Question

The least integral value of $a$ for which the graphs of the functions $y=2ax+1$ and $y=(a-6)x^2-2$ do not intersect is:

• A. -6
• B. -5
• C. 3
• D. 2

Answer 1

The correct option is B -5

For no intersection of graphs of functions, $y=2ax+1$ and $y=(a-6)x^2-2$, There should not any common points between two curves.

Putting the value of $y$ from equation of line into equation of given parabola, we get,

$\Rightarrow (2ax+1)=(a-6)x^2-2$

$\Rightarrow (a-6)x^2-\left(2a\right)x-3=0$ ...$\left(1\right)$

Equation $\left(1\right)$ is a quadratic equation in $x$.

For no intersection of both given functions, the equation $\left(1\right)$ must not have any real solutions.

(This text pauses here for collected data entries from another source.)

lemma openT_weaken:
  assumes "(n, M, N) \<in> openT a R" and "n \<le> m"
  shows "(m, M, N) \<in> openT a R"
  unfolding openT_def
proof (intro CollectI case_prodI conjI allI impI)
  show "wft a m M" "wft a m N" using assms wf_mono(1) unfolding openT_def by blast+
  fix vs :: "'a vl list" assume "length vs = m" "\<forall>V\<in>set vs. V \<in> cvals a"
  then have "length (take n vs) = n" "\<forall>U\<in>set (take n vs). U \<in> cvals a"
    using assms(2) by (auto dest: in_set_takeD)
  then have "(substs (take n vs) M, substs (take n vs) N) \<in> R"
    using assms(1) unfolding openT_def by blast
  then show "(substs vs M, substs vs N) \<in> R"
    using assms \<open>length vs = m\<close> substs_take[of a n M vs] substs_take[of a n N vs]
    unfolding openT_def by auto
qed

lemma openV_weaken:
  assumes "(n, V, W) \<in> openV a R" and "n \<le> m"
  shows "(m, V, W) \<in> openV a R"
  unfolding openV_def
proof (intro CollectI case_prodI conjI allI impI)
  show "wfv a m V" "wfv a m W" using assms wf_mono(2) unfolding openV_def by blast+
  fix vs :: "'a vl list" assume "length vs = m" "\<forall>U\<in>set vs. U \<in> cvals a"
  then have "length (take n vs) = n" "\<forall>U\<in>set (take n vs). U \<in> cvals a"
    using assms(2) by (auto dest: in_set_takeD)
  then have "(substsv (take n vs) V, substsv (take n vs) W) \<in> R"
    using assms(1) unfolding openV_def by blast
  then show "(substsv vs V, substsv vs W) \<in> R"
    using assms \<open>length vs = m\<close> substsv_take[of a n V vs] substsv_take[of a n W vs]
    unfolding openV_def by auto
qed

lemma openT_inst:
  assumes "(k + n, M, N) \<in> openT a R" and "\<forall>i. t i \<in> cvals a"
  shows "(k, instt k t M, instt k t N) \<in> openT a R"
  unfolding openT_def
proof (intro CollectI case_prodI conjI allI impI)
  show "wft a k (instt k t M)" "wft a k (instt k t N)"
    using assms wf_inst(1)[of a k n] unfolding openT_def cvals_def by auto
  fix vs :: "'a vl list" assume "length vs = k" "\<forall>V\<in>set vs. V \<in> cvals a"
  then have "length (vs @ map t [0..<n]) = k + n" "\<forall>V\<in>set (vs @ map t [0..<n]). V \<in> cvals a"
    using assms(2) by auto
  then show "(substs vs (instt k t M), substs vs (instt k t N)) \<in> R"
    using assms \<open>length vs = k\<close> unfolding openT_def by (auto simp: substs_instt)
qed

lemma openV_inst:
  assumes "(k + n, V, W) \<in> openV a R" and "\<forall>i. t i \<in> cvals a"
  shows "(k, instv k t V, instv k t W) \<in> openV a R"
  unfolding openV_def
proof (intro CollectI case_prodI conjI allI impI)
  show "wfv a k (instv k t V)" "wfv a k (instv k t W)"
    using assms wf_inst(2)[of a k n] unfolding openV_def cvals_def by auto
  fix vs :: "'a vl list" assume "length vs = k" "\<forall>U\<in>set vs. U \<in> cvals a"
  then have "length (vs @ map t [0..<n]) = k + n" "\<forall>U\<in>set (vs @ map t [0..<n]). U \<in> cvals a"
    using assms(2) by auto
  then show "(substsv vs (instv k t V), substsv vs (instv k t W)) \<in> R"
    using assms \<open>length vs = k\<close> unfolding openV_def by (auto simp: substsv_instv)
qed

locale cppo =
  fixes le :: "'t \<Rightarrow> 't \<Rightarrow> bool" and bt :: 't
  assumes omega_cppo: "omega_cppo le bt"
begin

lemma le_refl: "le x x"
  and le_trans: "le x y \<Longrightarrow> le y z \<Longrightarrow> le x z"
  and le_antisym: "le x y \<Longrightarrow> le y x \<Longrightarrow> x = y"
  and bot_least: "le bt x"
  using omega_cppo unfolding omega_cppo_def by blast+

lemma lub_eqI: "is_lub le A x \<Longrightarrow> lub le A = x"
  unfolding lub_def by (rule the_equality) (auto simp: is_lub_def intro: le_antisym)

lemma is_lub_lub: "ochain le c \<Longrightarrow> is_lub le (range c) (lub le (range c))"
  using omega_cppo lub_eqI unfolding omega_cppo_def by metis

lemma ochain_mono:
  assumes "ochain le c" and "n \<le> m"
  shows "le (c n) (c m)"
  using assms(2)
  by (induction rule: dec_induct) (use assms(1) in \<open>auto simp: ochain_def intro: le_refl le_trans\<close>)
subsection \<open>The spectrum of Y^T Y\<close>

lemma gram_transpose_factor:
  assumes X: "X \<in> carrier_mat N n"
  shows "transpose_mat X * X * mat_herm X * mat_conj X
    = (transpose_mat X * X) * mat_herm (transpose_mat X * X)"
proof -
  have "mat_herm (transpose_mat X * X) = mat_herm X * mat_conj X"
    using X by (simp add: mat_herm_mult[of _ n N] mat_herm_transpose)
  then show ?thesis
    using X assoc_mult_mat[of "transpose_mat X * X" n n "mat_herm X" N "mat_conj X" n] by simp
qed

lemma char_poly_gram_re_im:
  assumes X: "X \<in> carrier_mat N n" and orth: "mat_herm X * X = 1\<^sub>m n"
  shows "complex_of_real (poly (char_poly (transpose_mat (re_im_mat X) * re_im_mat X)) r)
    = (1 / 4) ^ n * poly (char_poly (transpose_mat X * X * mat_herm X * mat_conj X))
        (complex_of_real (4 * (r - 1 / 2)^2))"
proof -
  define B where "B = transpose_mat X * X"
  define K where "K = transpose_mat (re_im_mat X) * re_im_mat X"
  have B: "B \<in> carrier_mat n n" and Bh: "mat_herm B \<in> carrier_mat n n"
    using X by (auto simp: B_def)
  have Y: "re_im_mat X \<in> carrier_mat N (2 * n)" using X by simp
  have K: "K \<in> carrier_mat (2 * n) (2 * n)"
    unfolding K_def using mult_carrier_mat[OF transpose_carrier_mat[THEN iffD2, OF Y] Y] .
  have "((1 / 2) \<cdot>\<^sub>m B) * ((1 / 2) \<cdot>\<^sub>m mat_herm B) = (1 / 2) \<cdot>\<^sub>m ((1 / 2) \<cdot>\<^sub>m (B * mat_herm B))"
    using mult_smult_assoc_mat[OF B smult_carrier_mat[OF Bh]] mult_smult_distrib[OF B Bh] by simp
  also have "\<dots> = (1 / 4) \<cdot>\<^sub>m (B * mat_herm B)"
    by (intro eq_matI) auto
  finally have quarter: "((1 / 2) \<cdot>\<^sub>m B) * ((1 / 2) \<cdot>\<^sub>m mat_herm B) = (1 / 4) \<cdot>\<^sub>m (B * mat_herm B)" .
  have "complex_of_real (poly (char_poly K) r) = poly (char_poly (map_mat complex_of_real K)) (of_real r)"
    unfolding of_real_hom.char_poly_hom[OF K] by (simp add: of_real_hom.poly_map_poly)
  also have "char_poly (map_mat complex_of_real K)
      = char_poly (four_block_mat ((1 / 2) \<cdot>\<^sub>m 1\<^sub>m n) ((1 / 2) \<cdot>\<^sub>m B) ((1 / 2) \<cdot>\<^sub>m mat_herm B) ((1 / 2) \<cdot>\<^sub>m 1\<^sub>m n))"
    using char_poly_similar[OF gram_re_im_similar[OF X orth]]
      smult_four_block_mat[OF one_carrier_mat B Bh one_carrier_mat, of "1 / 2"]
    by (simp add: K_def B_def)
  also have "poly \<dots> (of_real r) = det ((of_real r - 1 / 2)^2 \<cdot>\<^sub>m 1\<^sub>m n - (1 / 4) \<cdot>\<^sub>m (B * mat_herm B))"
    using B Bh by (simp add: char_poly_scalar_four_block quarter)
  also have "\<dots> = (1 / 4) ^ n * poly (char_poly (B * mat_herm B)) (complex_of_real (4 * (r - 1 / 2)^2))"
    using B Bh by (simp add: det_scalar_minus_smult[of _ n] mult.commute)
  finally show ?thesis
    by (simp add: K_def B_def gram_transpose_factor[OF X])
qed

lemma char_poly_re_im_eval:
  assumes X: "X \<in> carrier_mat N n" and orth: "mat_herm X * X = 1\<^sub>m n"
    and eig: "is_eigenvalue_mset (transpose_mat X * X * mat_herm X * mat_conj X) (image_mset complex_of_real M)"
  shows "poly (char_poly (transpose_mat (re_im_mat X) * re_im_mat X)) r
    = (1 / 4) ^ n * (\<Prod>\<mu>\<in>#M. 4 * (r - 1 / 2)^2 - \<mu>)"
proof -
  have char_A: "poly (char_poly (transpose_mat X * X * mat_herm X * mat_conj X)) (complex_of_real y)
      = complex_of_real (\<Prod>\<mu>\<in>#M. y - \<mu>)" for y
    using eig unfolding is_eigenvalue_mset_def by (simp only: poly_linear_factors_of_real)
  have "complex_of_real (poly (char_poly (transpose_mat (re_im_mat X) * re_im_mat X)) r)
      = complex_of_real ((1 / 4) ^ n * (\<Prod>\<mu>\<in>#M. 4 * (r - 1 / 2)^2 - \<mu>))"
    unfolding char_poly_gram_re_im[OF X orth] char_A by simp
  then show ?thesis by (simp only: of_real_eq_iff)
qed
(* Suppose $B\subseteq\mathcal{SC}\times\mathcal{SC}$ is reflexive. For every $\rho\in\mathcal{SC}$, either $\rho\xrightarrow{\checkmark}$ or $\rho\|\overline{\rho}\xrightarrow{\tau}_B$ (the composition $\rho\|\overline\rho$ has a $\tau$-move).
   Context: Fix base types $BT$ with preorder $\leq_{\mathsf b}$ and labels $\mathcal L$. Contract terms: $\sigma::=\mathbf 1\mid ?\mathtt t.\sigma\mid !\mathtt t.\sigma\mid !(\sigma).\sigma\mid ?(\sigma).\sigma\mid \sum_{i\in I}?l_i.\sigma_i\mid \bigoplus_{i\in I}!l_i.\sigma_i\mid \mu x.\sigma\mid x$ ($I$ finite nonempty, labels distinct). $\mathcal{SC}$ = closed guarded terms. LTS: $\mathbf 1\xrightarrow\checkmark$; $\lambda.\sigma\xrightarrow\lambda\sigma$ for prefixes (including $!l.\sigma$); $\bigoplus_{i\in I}!l_i.\sigma_i\xrightarrow\tau!l_i.\sigma_i$ for $|I|>1$; $\sum ?l_i.\sigma_i\xrightarrow{?l_i}\sigma_i$; $\mu x.\sigma\xrightarrow\tau\sigma[\mu x.\sigma/x]$. $\lambda_1\bowtie_B\lambda_2$ iff the pair is $(!l,?l)$, $(?l,!l)$, $(!\mathtt t_1,?\mathtt t_2)$ with $\mathtt t_1\leq_{\mathsf b}\mathtt t_2$, $(?\mathtt t_1,!\mathtt t_2)$ with $\mathtt t_2\leq_{\mathsf b}\mathtt t_1$, $(!(\sigma_1),?(\sigma_2))$ with $\sigma_1B\sigma_2$, $(?(\sigma_1),!(\sigma_2))$ with $\sigma_2B\sigma_1$. $\rho\|\sigma\xrightarrow\tau_B$ by a $\tau$ of either side, or by $\rho\xrightarrow{\lambda_1}$, $\sigma\xrightarrow{\lambda_2}$ with $\lambda_1\bowtie_B\lambda_2$. Standard dual (messages unchanged): $\overline{\mathbf 1}=\mathbf 1$, $\overline x=x$, $\overline{\mu x.\sigma}=\mu x.\overline\sigma$, $\overline{?\mathtt t.\sigma}=!\mathtt t.\overline\sigma$, $\overline{!\mathtt t.\sigma}=?\mathtt t.\overline\sigma$, $\overline{?(\sigma^m).\sigma}=!(\sigma^m).\overline\sigma$, $\overline{!(\sigma^m).\sigma}=?(\sigma^m).\overline\sigma$, $\overline{\sum_i ?l_i.\sigma_i}=\bigoplus_i !l_i.\overline{\sigma_i}$, $\overline{\bigoplus_i !l_i.\sigma_i}=\sum_i ?l_i.\overline{\sigma_i}$. *)

theory Defs
  imports Main
begin

(* Base types: type 'b (with preorder \<le> playing the role of \<le>_b);
   labels: type 'l; recursion variables: nat.
   Finite nonempty index families with distinct labels are represented by lists of
   (label, continuation) pairs, constrained by the well-formedness predicate wf. *)
datatype ('b, 'l) contract =
    One
  | InB 'b "('b, 'l) contract"
  | OutB 'b "('b, 'l) contract"
  | OutS "('b, 'l) contract" "('b, 'l) contract"
  | InS "('b, 'l) contract" "('b, 'l) contract"
  | Ext "('l \<times> ('b, 'l) contract) list"
  | IntC "('l \<times> ('b, 'l) contract) list"
  | Mu nat "('b, 'l) contract"
  | Var nat

fun wf :: "('b, 'l) contract \<Rightarrow> bool" where
  "wf One = True"
| "wf (InB t s) = wf s"
| "wf (OutB t s) = wf s"
| "wf (OutS m s) = (wf m \<and> wf s)"
| "wf (InS m s) = (wf m \<and> wf s)"
| "wf (Ext bs) = (bs \<noteq> [] \<and> distinct (map fst bs) \<and> (\<forall>p\<in>set bs. wf (snd p)))"
| "wf (IntC bs) = (bs \<noteq> [] \<and> distinct (map fst bs) \<and> (\<forall>p\<in>set bs. wf (snd p)))"
| "wf (Mu x s) = wf s"
| "wf (Var x) = True"

fun fv :: "('b, 'l) contract \<Rightarrow> nat set" where
  "fv One = {}"
| "fv (InB t s) = fv s"
| "fv (OutB t s) = fv s"
| "fv (OutS m s) = fv m \<union> fv s"
| "fv (InS m s) = fv m \<union> fv s"
| "fv (Ext bs) = (\<Union>p\<in>set bs. fv (snd p))"
| "fv (IntC bs) = (\<Union>p\<in>set bs. fv (snd p))"
| "fv (Mu x s) = fv s - {x}"
| "fv (Var x) = {x}"

fun ufv :: "('b, 'l) contract \<Rightarrow> nat set" where
  "ufv (Var x) = {x}"
| "ufv (Mu x s) = ufv s - {x}"
| "ufv _ = {}"

fun guarded :: "('b, 'l) contract \<Rightarrow> bool" where
  "guarded One = True"
| "guarded (InB t s) = guarded s"
| "guarded (OutB t s) = guarded s"
| "guarded (OutS m s) = (guarded m \<and> guarded s)"
| "guarded (InS m s) = (guarded m \<and> guarded s)"
| "guarded (Ext bs) = (\<forall>p\<in>set bs. guarded (snd p))"
| "guarded (IntC bs) = (\<forall>p\<in>set bs. guarded (snd p))"
| "guarded (Mu x s) = (x \<notin> ufv s \<and> guarded s)"
| "guarded (Var x) = True"

definition SC :: "('b, 'l) contract set" where
  "SC = {\<sigma>. wf \<sigma> \<and> fv \<sigma> = {} \<and> guarded \<sigma>}"

(* substitution subst x t s = s[t/x] (used only with closed t, so no capture) *)
fun subst :: "nat \<Rightarrow> ('b, 'l) contract \<Rightarrow> ('b, 'l) contract \<Rightarrow> ('b, 'l) contract" where
  "subst x t One = One"
| "subst x t (InB b s) = InB b (subst x t s)"
| "subst x t (OutB b s) = OutB b (subst x t s)"
| "subst x t (OutS m s) = OutS (subst x t m) (subst x t s)"
| "subst x t (InS m s) = InS (subst x t m) (subst x t s)"
| "subst x t (Ext bs) = Ext (map (\<lambda>p. (fst p, subst x t (snd p))) bs)"
| "subst x t (IntC bs) = IntC (map (\<lambda>p. (fst p, subst x t (snd p))) bs)"
| "subst x t (Mu y s) = (if x = y then Mu y s else Mu y (subst x t s))"
| "subst x t (Var y) = (if x = y then t else Var y)"

datatype ('b, 'l) act =
    Tick | Tau
  | InBA 'b | OutBA 'b
  | InSA "('b, 'l) contract" | OutSA "('b, 'l) contract"
  | InL 'l | OutL 'l

(* LTS; the \<checkmark>-transition of 1 is given target 1 (its target is irrelevant) *)
inductive step :: "('b, 'l) contract \<Rightarrow> ('b, 'l) act \<Rightarrow> ('b, 'l) contract \<Rightarrow> bool" where
  st_tick: "step One Tick One"
| st_inB: "step (InB t s) (InBA t) s"
| st_outB: "step (OutB t s) (OutBA t) s"
| st_outS: "step (OutS m s) (OutSA m) s"
| st_inS: "step (InS m s) (InSA m) s"
| st_outL: "step (IntC [(l, s)]) (OutL l) s"
| st_int: "length bs > 1 \<Longrightarrow> (l, s) \<in> set bs \<Longrightarrow> step (IntC bs) Tau (IntC [(l, s)])"
| st_ext: "(l, s) \<in> set bs \<Longrightarrow> step (Ext bs) (InL l) s"
| st_mu: "step (Mu x s) Tau (subst x (Mu x s) s)"

fun compat :: "(('b::preorder, 'l) contract \<times> ('b, 'l) contract) set
                 \<Rightarrow> ('b, 'l) act \<Rightarrow> ('b, 'l) act \<Rightarrow> bool" where
  "compat B (OutL l1) (InL l2) = (l1 = l2)"
| "compat B (InL l1) (OutL l2) = (l1 = l2)"
| "compat B (OutBA t1) (InBA t2) = (t1 \<le> t2)"
| "compat B (InBA t1) (OutBA t2) = (t2 \<le> t1)"
| "compat B (OutSA s1) (InSA s2) = ((s1, s2) \<in> B)"
| "compat B (InSA s1) (OutSA s2) = ((s2, s1) \<in> B)"
| "compat B _ _ = False"

definition par_tau :: "(('b::preorder, 'l) contract \<times> ('b, 'l) contract) set
                 \<Rightarrow> ('b, 'l) contract \<Rightarrow> ('b, 'l) contract \<Rightarrow> bool" where
  "par_tau B \<rho> \<sigma> \<longleftrightarrow>
     (\<exists>\<rho>'. step \<rho> Tau \<rho>') \<or> (\<exists>\<sigma>'. step \<sigma> Tau \<sigma>') \<or>
     (\<exists>a1 a2 \<rho>' \<sigma>'. step \<rho> a1 \<rho>' \<and> step \<sigma> a2 \<sigma>' \<and> compat B a1 a2)"

fun dual :: "('b, 'l) contract \<Rightarrow> ('b, 'l) contract" where
  "dual One = One"
| "dual (Var x) = Var x"
| "dual (Mu x s) = Mu x (dual s)"
| "dual (InB t s) = OutB t (dual s)"
| "dual (OutB t s) = InB t (dual s)"
| "dual (InS m s) = OutS m (dual s)"
| "dual (OutS m s) = InS m (dual s)"
| "dual (Ext bs) = IntC (map (\<lambda>p. (fst p, dual (snd p))) bs)"
| "dual (IntC bs) = Ext (map (\<lambda>p. (fst p, dual (snd p))) bs)"

end

theory Submission
  imports Defs
begin

text \<open>A term other than \<open>\<one>\<close> either moves silently on its own (unfolding a recursion, or an
  internal choice among several branches, possibly on the dual side) or starts with a single
  prefix that the dual mirrors. Since the dual copies messages unchanged, an exchanged session is
  compatible with itself precisely because \<open>B\<close> is reflexive on \<open>SC\<close>.\<close>

lemma par_tau_left_tauI: "step \<rho> Tau \<rho>' \<Longrightarrow> par_tau B \<rho> \<sigma>"
  unfolding par_tau_def by blast

lemma par_tau_right_tauI: "step \<sigma> Tau \<sigma>' \<Longrightarrow> par_tau B \<rho> \<sigma>"
  unfolding par_tau_def by blast

lemma par_tau_syncI:
  "step \<rho> a1 \<rho>' \<Longrightarrow> step \<sigma> a2 \<sigma>' \<Longrightarrow> compat B a1 a2 \<Longrightarrow> par_tau B \<rho> \<sigma>"
  unfolding par_tau_def by blast

lemma IntC_tau_or_singleton:
  assumes "bs \<noteq> []"
  shows "(\<exists>\<rho>'. step (IntC bs) Tau \<rho>') \<or> (\<exists>l s. bs = [(l, s)])"
proof (cases "length bs > 1")
  case True
  obtain l s where "(l, s) \<in> set bs"
    using assms by (metis list.set_intros(1) neq_Nil_conv surj_pair)
  with True show ?thesis by (blast intro: st_int)
next
  case False
  with assms obtain p where "bs = [p]"
    by (cases bs) auto
  then show ?thesis by (cases p) auto
qed

lemma par_tau_dual:
  fixes B :: "(('b::preorder, 'l) contract \<times> ('b, 'l) contract) set"
  assumes "wf \<rho>"
    and "\<And>x. \<rho> \<noteq> Var x"
    and "\<And>m s. \<rho> = OutS m s \<or> \<rho> = InS m s \<Longrightarrow> (m, m) \<in> B"
  shows "\<rho> = One \<or> par_tau B \<rho> (dual \<rho>)"
proof (cases \<rho>)
  case (InB t s)
  have "par_tau B (InB t s) (OutB t (dual s))"
    by (rule par_tau_syncI[OF st_inB st_outB]) simp
  then show ?thesis using InB by simp
next
  case (OutB t s)
  have "par_tau B (OutB t s) (InB t (dual s))"
    by (rule par_tau_syncI[OF st_outB st_inB]) simp
  then show ?thesis using OutB by simp
next
  case (OutS m s)
  have "par_tau B (OutS m s) (InS m (dual s))"
    by (rule par_tau_syncI[OF st_outS st_inS]) (simp add: OutS assms(3))
  then show ?thesis using OutS by simp
next
  case (InS m s)
  have "par_tau B (InS m s) (OutS m (dual s))"
    by (rule par_tau_syncI[OF st_inS st_outS]) (simp add: InS assms(3))
  then show ?thesis using InS by simp
next
  case (Ext bs)
  let ?dbs = "map (\<lambda>p. (fst p, dual (snd p))) bs"
  have "?dbs \<noteq> []" using assms(1) Ext by simp
  from IntC_tau_or_singleton[OF this] show ?thesis
  proof (elim disjE exE)
    fix \<sigma>' assume "step (IntC ?dbs) Tau \<sigma>'"
    then show ?thesis using Ext par_tau_right_tauI by (metis dual.simps(8))
  next
    fix l s' assume "?dbs = [(l, s')]"
    then obtain s where bs: "bs = [(l, s)]" and "s' = dual s"
      by (cases bs) auto
    have "par_tau B (Ext [(l, s)]) (IntC [(l, dual s)])"
      by (rule par_tau_syncI[OF st_ext st_outL]) simp_all
    then show ?thesis using Ext bs by simp
  qed
next
  case (IntC bs)
  have "bs \<noteq> []" using assms(1) IntC by simp
  from IntC_tau_or_singleton[OF this] show ?thesis
  proof (elim disjE exE)
    fix \<rho>' assume "step (IntC bs) Tau \<rho>'"
    then show ?thesis using IntC par_tau_left_tauI by blast
  next
    fix l s assume bs: "bs = [(l, s)]"
    have "par_tau B (IntC [(l, s)]) (Ext [(l, dual s)])"
      by (rule par_tau_syncI[OF st_outL st_ext]) simp_all
    then show ?thesis using IntC bs by simp
  qed
next
  case (Mu x s)
  then show ?thesis using par_tau_left_tauI[OF st_mu] by blast
qed (use assms(2) in auto)

theorem mainTheorem17:
  fixes B :: "(('b::preorder, 'l) contract \<times> ('b, 'l) contract) set"
    and \<rho> :: "('b, 'l) contract"
  assumes "B \<subseteq> SC \<times> SC"
    and "refl_on SC B"
    and "\<rho> \<in> SC"
  shows "(\<exists>\<rho>'. step \<rho> Tick \<rho>') \<or> par_tau B \<rho> (dual \<rho>)"
proof -
  have "\<rho> = One \<or> par_tau B \<rho> (dual \<rho>)"
  proof (rule par_tau_dual)
    show "wf \<rho>" and "\<And>x. \<rho> \<noteq> Var x"
      using assms(3) by (auto simp: SC_def)
    show "(m, m) \<in> B" if "\<rho> = OutS m s \<or> \<rho> = InS m s" for m s
    proof -
      have "m \<in> SC" using assms(3) that by (auto simp: SC_def)
      then show ?thesis using assms(2) by (simp add: refl_on_def)
    qed
  qed
  then show ?thesis using st_tick by blast
qed

end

A quadratic equation have no real roots if the value of it's discriminant is less than zero.

Hence $D=b^2-4ac<0$

$\Rightarrow D=\left(\right(-2a{)}^2)-4\times (a-6)\times (-3)<0$

$\Rightarrow D=4a^2+12a-72<0$

$\Rightarrow (a+6)(a-3)<0$

Hence Value of $a$ for the graphs of given functions do not intersect lies between $(-6,3)$

So the least integral value will be $(-5)$. Correct answer is $A$.